É a primeira visita que o
parlamentar faz a uma "comunidade", como são chamadas as favelas do Rio, depois de reeleito no mês passado com mais de 170 mil votos. E depois da estreia de
"Tropa de Elite 2", do diretor
José Padilha. Um dos personagens centrais do longa, o
deputado Diogo Fraga (interpretado por Irandhir Santos),
ligado aos direitos humanos,
é baseado em Freixo.
"Conheço o Padilha desde que ele fez o documentário "Ônibus 174" [de 2002].
Participamos de um debate e
ficamos amigos", conta. O diretor virou eleitor de Freixo.
Atores de "Tropa 2", como
Wagner Moura, também declararam votos, além de estrelas como Fernanda Torres
e Fernanda Abreu.
Debates são parte essencial da agenda do professor e
ativista. Assim como visitas a
favelas, presídios e zonas de
conflito.
"Você é o primeiro político que eu vejo aqui depois
de uma eleição", afirma Valdinei Medina, de 29 anos,
nascido e criado na área e
presidente da associação
Amigos de Chapéu Mangueira. "Antes da eleição chove
candidato na favela", ironiza
Valdinei. Ele afirma que a segurança do morro está de fato garantida desde que foi
instalada uma UPP (Unidade
de Polícia Pacificadora) bem
na entrada do morro.
Mas isso não basta. "Temos um posto de saúde prontinho, com consultório de
odontologia montado e um
monte de medicamentos,
mas não tem dentista nem
médico", diz. A creche, criada pelos moradores em 1992
e que atende 75 crianças, não
pagou neste mês o salário
das funcionárias. Marcelo
promete tentar resolver, ou
pelo menos chamar a atenção para os problemas, assim
que chegar ao gabinete.
"O que mais mandam
pra gente é anticoncepcional", conta Valdinei. "Tem
caixas e caixas de pílula
aqui", diz, apontando um armário cheio de remédios. "É
a política de saúde do governo, dar anticoncepcional para pobre", diz o deputado.
"Um dos problemas da
UPP é que ela se instala e a favela vira bairro.

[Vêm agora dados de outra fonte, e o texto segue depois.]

(* Let $\Omega$ be a circle domain with $\infty\in\Omega$, let $\{\gamma_j\}$ be its boundary circles, $B_j$ the open disk bounded by $\gamma_j$ with $B_j\cap\Omega=\emptyset$, and $R_j$ the reflection across $\gamma_j$. For $k\ge0$ let $\Omega_k=\bigcup_{l(T)\le k}T(\Omega)$, the union over $T\in\Gamma(\Omega)$ of length at most $k$. Then for each $k\ge0$: $$\overline{\Omega_k}=\bigcup_{l(T)\le k}T(\overline\Omega),\qquad \partial\Omega_k=\bigcup_{l(T)\le k}T(\partial\Omega),$$ $$\widehat{\mathbb C}\setminus\overline{\Omega_k}=\bigcup R_{i_1}\circ\dots\circ R_{i_k}(B_{i_{k+1}}),$$ where the last union is over all sequences $i_1,\dots,i_{k+1}$ with $i_j\ne i_{j+1}$ (for $k=0$ it is $\bigcup_jB_j$), and the sets in this union are pairwise disjoint for distinct such sequences. Moreover, for each sequence $i_1,\dots,i_{k+2}$ with consecutive indices distinct, the closure of $R_{i_1}\circ\dots\circ R_{i_{k+1}}(B_{i_{k+2}})$ is contained in $R_{i_1}\circ\dots\circ R_{i_k}(B_{i_{k+1}})$ (for $k=0$: $\overline{R_{i_1}(B_{i_2})}\subset B_{i_1}$).
   Context: A circle domain is a domain in $\widehat{\mathbb C}$ each boundary component of which is a geometric circle or a point. The Schottky group $\Gamma(\Omega)$ is the group of Möbius and anti-Möbius maps generated by the reflections $R_j$. Every $T\in\Gamma(\Omega)$, $T\ne\mathrm{id}$, can be written uniquely in reduced form $T=R_{i_1}\circ\dots\circ R_{i_k}$ with $i_j\ne i_{j+1}$; its length is $l(T)=k$, and $l(\mathrm{id})=0$. *)

theory Defs
  imports "HOL-Analysis.Analysis"
begin

text \<open>The Riemann sphere is modelled as complex option, None being the point at infinity.
  Its topology is the pullback of the Euclidean topology of R^3 under the inverse
  stereographic projection (an injective map onto the unit sphere).\<close>

type_synonym riemann = "complex option"

definition stereo :: "riemann \<Rightarrow> real \<times> real \<times> real" where
  "stereo p = (case p of
      None \<Rightarrow> (0, 0, 1)
    | Some z \<Rightarrow> (2 * Re z / (1 + (cmod z)^2), 2 * Im z / (1 + (cmod z)^2),
                 ((cmod z)^2 - 1) / ((cmod z)^2 + 1)))"

definition sphtop :: "riemann topology" where
  "sphtop = pullback_topology UNIV stereo euclidean"

definition geom_circle :: "riemann set \<Rightarrow> bool" where
  "geom_circle C \<longleftrightarrow>
     (\<exists>c r. r > 0 \<and> C = Some ` sphere c r) \<or>
     (\<exists>a b. b \<noteq> 0 \<and> C = insert None (Some ` {a + of_real t * b | t. True}))"

definition boundary_components :: "riemann set \<Rightarrow> riemann set set" where
  "boundary_components \<Omega> = connected_components_of (subtopology sphtop (sphtop frontier_of \<Omega>))"

definition circle_domain :: "riemann set \<Rightarrow> bool" where
  "circle_domain \<Omega> \<longleftrightarrow> openin sphtop \<Omega> \<and> connectedin sphtop \<Omega> \<and> \<Omega> \<noteq> {} \<and>
     (\<forall>K \<in> boundary_components \<Omega>. geom_circle K \<or> (\<exists>p. K = {p}))"

text \<open>Boundary circles (Euclidean, since infinity lies in the domain) are indexed by
  (center, radius).\<close>
definition circ_index :: "riemann set \<Rightarrow> (complex \<times> real) set" where
  "circ_index \<Omega> = {(c, r). r > 0 \<and> Some ` sphere c r \<in> boundary_components \<Omega>}"

definition disk :: "complex \<times> real \<Rightarrow> riemann set" where
  "disk i = Some ` ball (fst i) (snd i)"

definition refl :: "complex \<times> real \<Rightarrow> riemann \<Rightarrow> riemann" where
  "refl i p = (case p of
      None \<Rightarrow> Some (fst i)
    | Some z \<Rightarrow> (if z = fst i then None
                 else Some (fst i + complex_of_real ((snd i)^2) / cnj (z - fst i))))"

definition word_map :: "(complex \<times> real) list \<Rightarrow> riemann \<Rightarrow> riemann" where
  "word_map ws = foldr (\<lambda>i f. refl i \<circ> f) ws id"

definition reduced_word :: "(complex \<times> real) set \<Rightarrow> (complex \<times> real) list \<Rightarrow> bool" where
  "reduced_word J ws \<longleftrightarrow> set ws \<subseteq> J \<and> successively (\<noteq>) ws"

definition Omega_k :: "riemann set \<Rightarrow> nat \<Rightarrow> riemann set" where
  "Omega_k \<Omega> k = \<Union>{word_map ws ` \<Omega> | ws. reduced_word (circ_index \<Omega>) ws \<and> length ws \<le> k}"

end

(* The boundary circles of Omega bound pairwise disjoint closed disks outside Omega, and every
   point outside the closure of Omega lies in one of their open disks B_j: in the plane, the
   complementary component of Omega containing such a point is enclosed by its own frontier, which
   is connected and therefore lies in a single boundary component, a point or a circle.
   The reflections then play ping-pong: a reduced word maps everything outside the closed disk of
   its last letter into the open disk of its first letter.  Comparing two reduced words after their
   longest common prefix shows that the tiles T(Omega) are pairwise disjoint and that the
   generation-k disks T(B_i), l(T) = k, are pairwise disjoint and miss Omega_k.  Since B_i is
   covered by R_i(closure Omega) and the sets R_i(B_j), j <> i, induction on k shows that the
   closures of the tiles of length at most k together with the generation-k disks cover the sphere.
   The generation-k disks are open and every T is a homeomorphism, which determines the closure,
   the frontier and the complement of Omega_k. *)

theory Submission
  imports Defs
begin

section \<open>Plane topology\<close>

lemma bounded_Compl_iff_eventually_at_infinity:
  fixes V :: "'a::real_normed_vector set"
  shows "bounded (- V) \<longleftrightarrow> (\<forall>\<^sub>F z in at_infinity. z \<in> V)"
proof
  assume "bounded (- V)"
  then obtain b where b: "\<And>z. z \<notin> V \<Longrightarrow> norm z \<le> b"
    by (auto simp: bounded_iff)
  have "\<forall>z. b + 1 \<le> norm z \<longrightarrow> z \<in> V"
  proof (intro allI impI)
    fix z :: 'a
    assume "b + 1 \<le> norm z"
    then show "z \<in> V"
      using b by force
  qed
  then show "\<forall>\<^sub>F z in at_infinity. z \<in> V"
    unfolding eventually_at_infinity by blast
next
  assume "\<forall>\<^sub>F z in at_infinity. z \<in> V"
  then obtain b where "\<And>z. b \<le> norm z \<Longrightarrow> z \<in> V"
    unfolding eventually_at_infinity by blast
  then have "- V \<subseteq> cball 0 b"
    by (force simp: not_le)
  then show "bounded (- V)"
    using bounded_cball bounded_subset by blast
qed

lemma open_iff_eventually_nhds:
  "open S \<longleftrightarrow> (\<forall>z\<in>S. \<forall>\<^sub>F w in nhds z. w \<in> S)"
  by (metis eventually_nhds open_subopen subsetI eventually_nhds_in_open)

lemma subset_convex_if_frontier_subset:
  fixes C K :: "'a::euclidean_space set"
  assumes "2 \<le> DIM('a)" "bounded C" "bounded K" "convex K" "frontier C \<subseteq> K"
  shows "C \<subseteq> K"
proof (rule ccontr)
  assume "\<not> C \<subseteq> K"
  then have "- K \<inter> C \<noteq> {}"
    by blast
  moreover have "- K \<inter> frontier C = {}"
    using assms(5) by blast
  ultimately have "- K \<subseteq> C"
    using connected_Int_frontier[OF connected_complement_bounded_convex[OF assms(3,4,1)]]
    by blast
  then have "bounded (- K)"
    using assms(2) bounded_subset by blast
  then have "bounded (K \<union> - K)"
    using assms(3) by (simp only: bounded_Un simp_thms)
  then show False
    by (simp only: Compl_partition not_bounded_UNIV)
qed
lemma hahn_banach_step:
  fixes f :: "'a::real_normed_vector \<Rightarrow> real"
  assumes f: "linear f" and dom: "\<And>m. m \<in> span T \<Longrightarrow> f m \<le> norm m" and z: "z \<notin> span T"
  obtains g where "linear g" "\<And>m. m \<in> span T \<Longrightarrow> g m = f m"
    "\<And>w. w \<in> span (insert z T) \<Longrightarrow> g w \<le> norm w"
proof -
  define A where "A = {f m - norm (m - z) | m. m \<in> span T}"
  define c where "c = Sup A"
  have sep: "f m1 - norm (m1 - z) \<le> norm (m2 + z) - f m2" if "m1 \<in> span T" "m2 \<in> span T" for m1 m2
  proof -
    have "f m1 + f m2 \<le> norm (m1 + m2)"
      using dom[of "m1 + m2"] that f by (simp add: span_add linear_add)
    also have "\<dots> \<le> norm (m1 - z) + norm (m2 + z)"
      using norm_triangle_ineq[of "m1 - z" "m2 + z"] by simp
    finally show ?thesis by linarith
  qed
  have "A \<noteq> {}" "bdd_above A"
    unfolding A_def bdd_above_def using sep[OF _ span_zero] span_zero by blast+
  then have minus: "f m - c \<le> norm (m - z)" and plus: "f m + c \<le> norm (m + z)"
    if "m \<in> span T" for m
    unfolding c_def using that cSup_upper[of _ A] cSup_least[of A] sep
    by (force simp: A_def)+
  obtain g where g: "linear g" "\<And>m. m \<in> span T \<Longrightarrow> g m = f m" "g z = c"
    using linear_extend_to_insert[OF f z] by blast
  have "g w \<le> norm w" if "w \<in> span (insert z T)" for w
  proof -
    obtain t m where m: "m \<in> span T" and w: "w = m + t *\<^sub>R z"
      using \<open>w \<in> span (insert z T)\<close> by (auto simp: span_insert) (metis diff_add_cancel)
    then have "g w = f m + t * c"
      using g by (simp add: linear_add linear_scale)
    then show ?thesis
      using dominated_along_line[OF f m dom plus minus] w by simp
  qed
  with g show thesis
    using that by blast
qed

lemma hahn_banach_finite:
  fixes x :: "'a::real_normed_vector"
  assumes "finite S"
  obtains f where "linear f" "f x = norm x" "\<And>w. w \<in> span (insert x S) \<Longrightarrow> f w \<le> norm w"
proof -
  have "\<exists>f. linear f \<and> f x = norm x \<and> (\<forall>w\<in>span (insert x S). f w \<le> norm w)"
    using assms
  proof (induction S rule: finite_induct)
    case empty
    obtain f where f: "linear f" "f x = norm x"
    proof (cases "x = 0")
      case True
      then show thesis
        using that[of "\<lambda>_. 0"] by (simp add: linear_zero)
    next
      case False
      then show thesis
        using that linear_extend_to_insert[where f="\<lambda>_. 0" and z=x and T="{}" and c="norm x"]
        by (auto simp: linear_zero)
    qed
    have "f (t *\<^sub>R x) \<le> norm (t *\<^sub>R x)" for t
      using f by (simp add: linear_scale mult_right_mono)
    then show ?case
      using f by (auto simp: span_singleton)
  next
    case (insert z S)
    then obtain f where f: "linear f" "f x = norm x" "\<forall>w\<in>span (insert x S). f w \<le> norm w"
      by blast
    have swap: "span (insert x (insert z S)) = span (insert z (insert x S))"
      by (simp add: insert_commute)
    show ?case
    proof (cases "z \<in> span (insert x S)")
      case True
      then show ?thesis
        using f swap by (metis span_redundant)
    next
      case False
      then obtain g where "linear g" "\<And>m. m \<in> span (insert x S) \<Longrightarrow> g m = f m"
          "\<And>w. w \<in> span (insert z (insert x S)) \<Longrightarrow> g w \<le> norm w"
        using hahn_banach_step[OF f(1) _ False] f(3) by blast
      then show ?thesis
        using f(2) swap span_base[of x "insert x S"] by (metis insertI1)
    qed
  qed
  then show thesis
    using that by blast
qed

lemma norming_functional_exists:
  fixes x :: "'a::real_normed_vector" and S :: "'a set"
  assumes "finite S" "span S = UNIV" "x \<noteq> 0"
  obtains f where "bounded_linear f" "onorm f = 1" "f x = norm x"
proof -
  obtain f where f: "linear f" "f x = norm x" and le: "\<And>w. f w \<le> norm w"
    using hahn_banach_finite[OF assms(1), of x] assms(2) by (metis UNIV_I span_mono subset_insertI subsetD)
  have abs_le: "\<bar>f w\<bar> \<le> norm w" for w
    using le[of w] le[of "- w"] f(1) by (simp add: linear_neg)
  have bl: "bounded_linear f"
    using f(1) abs_le by (intro bounded_linear_intro[where K=1]) (auto simp: linear_add linear_scale)
  have "onorm f \<le> 1"
    using abs_le by (intro onorm_bound) auto
  moreover have "norm x \<le> onorm f * norm x"
    using onorm[OF bl, of x] f(2) by simp
  ultimately have "onorm f = 1"
    using assms(3) by simp
  with bl f(2) show thesis
    using that by blast
qed

section \<open>States and the numerical radius\<close>

definition state_pair :: "'a::real_normed_vector \<Rightarrow> ('a \<Rightarrow> real) \<Rightarrow> bool" where
  "state_pair x f \<longleftrightarrow> norm x = 1 \<and> bounded_linear f \<and> onorm f = 1 \<and> f x = 1"

lemma numerical_radius_eq_SUP_states:
  "numerical_radius T = (SUP (x, f) \<in> Collect (case_prod state_pair). \<bar>f (T x)\<bar>)"
proof -
  have "{\<bar>f (T x)\<bar> | x f. state_pair x f} = (\<lambda>(x, f). \<bar>f (T x)\<bar>) ` Collect (case_prod state_pair)"
    by (auto simp: image_iff)
  then show ?thesis
    unfolding numerical_radius_def state_pair_def by simp
qed

lemma state_pair_uminus: "state_pair x f \<Longrightarrow> state_pair (- x) (\<lambda>w. - f w)"
  unfolding state_pair_def
  by (simp add: bounded_linear_minus onorm_neg linear_neg bounded_linear.linear)

lemma state_pair_sign_normalize:
  fixes h :: "'a::real_normed_vector \<Rightarrow> real"
  assumes "state_pair z0 f" "linear h"
  obtains z g where "state_pair z g" "h z = \<bar>h z0\<bar>" "\<And>w. \<bar>g w\<bar> = \<bar>f w\<bar>"
proof (cases "h z0 \<ge> 0")
  case True
  then show thesis
    using that[OF assms(1)] by simp
next
  case False
  then show thesis
    using that[OF state_pair_uminus[OF assms(1)]] assms(2) by (simp add: linear_neg)
qed

lemma abs_state_le_onorm:
  assumes "bounded_linear T" "state_pair x f"
  shows "\<bar>f (T x)\<bar> \<le> onorm T"
proof -
  have "\<bar>f (T x)\<bar> \<le> onorm f * norm (T x)"
    using onorm[of f "T x"] assms(2) by (simp add: state_pair_def)
  also have "\<dots> \<le> onorm T * norm x"
    using onorm[OF assms(1), of x] assms(2) by (simp add: state_pair_def)
  finally show ?thesis
    using assms(2) by (simp add: state_pair_def)
qed

lemma bdd_above_states:
  "bounded_linear T \<Longrightarrow> bdd_above ((\<lambda>(x, f). \<bar>f (T x)\<bar>) ` Collect (case_prod state_pair))"
  by (rule bdd_aboveI2[where M="onorm T"]) (use abs_state_le_onorm in fastforce)

lemma state_le_numerical_radius:
  "bounded_linear T \<Longrightarrow> state_pair x f \<Longrightarrow> \<bar>f (T x)\<bar> \<le> numerical_radius T"
  unfolding numerical_radius_eq_SUP_states
  using cSUP_upper[OF _ bdd_above_states, of "(x, f)"] by simp

lemma numerical_radius_le_onorm:
  fixes T :: "'a::real_normed_vector \<Rightarrow> 'a" and x :: 'a
  assumes "bounded_linear T" "state_pair x f"
  shows "numerical_radius T \<le> onorm T"
proof -
  have "(x, f) \<in> Collect (case_prod state_pair)"
    using assms(2) by simp
  moreover have "\<And>p. p \<in> Collect (case_prod state_pair) \<Longrightarrow> (case p of (x, f) \<Rightarrow> \<bar>f (T x)\<bar>) \<le> onorm T"
    using abs_state_le_onorm[OF assms(1)] by auto
  ultimately show ?thesis
    unfolding numerical_radius_eq_SUP_states by (intro cSUP_least) auto
qed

Aí começa a
chegar conta de luz, conta de
água, vem um fiscal dizer
que a construção está irregular, que a casa tem que ser demolida", explica. "Quero ver
agora qual vai ser o projeto
para manter a população que
criou essa comunidade aqui.
Senão eles vão ser obrigados
a mudar para mais longe, e
começa a vir morar aqui gente que tem mais dinheiro". É
o que ele chama de "a grande
ameaça branca."
No alto do morro, uma
situação preocupante. A sede da associação dos moradores, um cômodo úmido e
sem ventilação, foi tomada
por 12 pessoas que perderam
suas casas. Homens, mulheres e crianças dormem no
chão. Valdinei e o político
vão até lá. "O cheiro é terrível", lamenta Freixo. "Não
quero só mostrar as coisas
boas", explica Valdinei.
Um assessor interrompe
para passar um telefonema
urgente. Em Vargem Pequena, uma favela da zona oeste
dominada por milícia, chegou a polícia para demolir as
casas de uma grande área. Os
moradores vão resistir. Marcelo se inflama, pede para o
assessor conseguir o telefone
do comandante do batalhão
que está no local.
Guilherme Pimentel, de
25 anos, consegue o número
em minutos. Estudante de direito da Uerj, trabalha há
quatro anos com Freixo. É ele
que sopra o número das leis
que o deputado deve mencionar na conversa com o comandante. "É a lei 2898-98,
decreto 41.130 de 2008, da
Casa Civil. Eles deviam ser
notificados e não foram."
Marcelo liga para o comandante geral da polícia,
"mas ele nunca atende o telefone de manhã". Já passam
das 11h. Decide seguir a programação do dia e acompanhar o caso pelo telefone.
"Vargem Pequena é área de
milícia. Se eu for pra lá, só
aumenta o problema."
Desde que começou a
denunciar casos de corrupção no mesmo ano em que
presidiu a CPI das milícias,
em 2008, que culminou com
a cassação do deputado Natalino Guimarães, do DEM,
Freixo anda com pelo menos
quatro seguranças. Sua casa,
em Niterói, é vigiada o tempo
todo. Em quatro situações,
planos para matá-lo foram
interceptados pela polícia.
"Eu sabia dos riscos e
entrei nessa história porque
quis. A militância pelos direitos humanos fez a minha vida, não posso virar as costas
para isso",diz. O jeito foi alterar alguns hábitos em nome
da segurança. "Não vou mais
ao Maracanã com meu filho,
não vou à praia com minha
filha, não vou a uma roda de
samba na rua. Nado em um
clube fechado, ouço samba
em um lugar discreto em Niterói. Sei que sou uma encrenca, falo isso para a minha mulher o tempo todo."
Marcelo já chama de
mulher sua namorada, a jornalista Renata Stuart, com
quem vai se casar em dezembro. Ela mora no Leblon, onde ele passa algumas noites
por semana. No resto do tempo, fica em Niterói, onde nasceu e onde moram seus pais.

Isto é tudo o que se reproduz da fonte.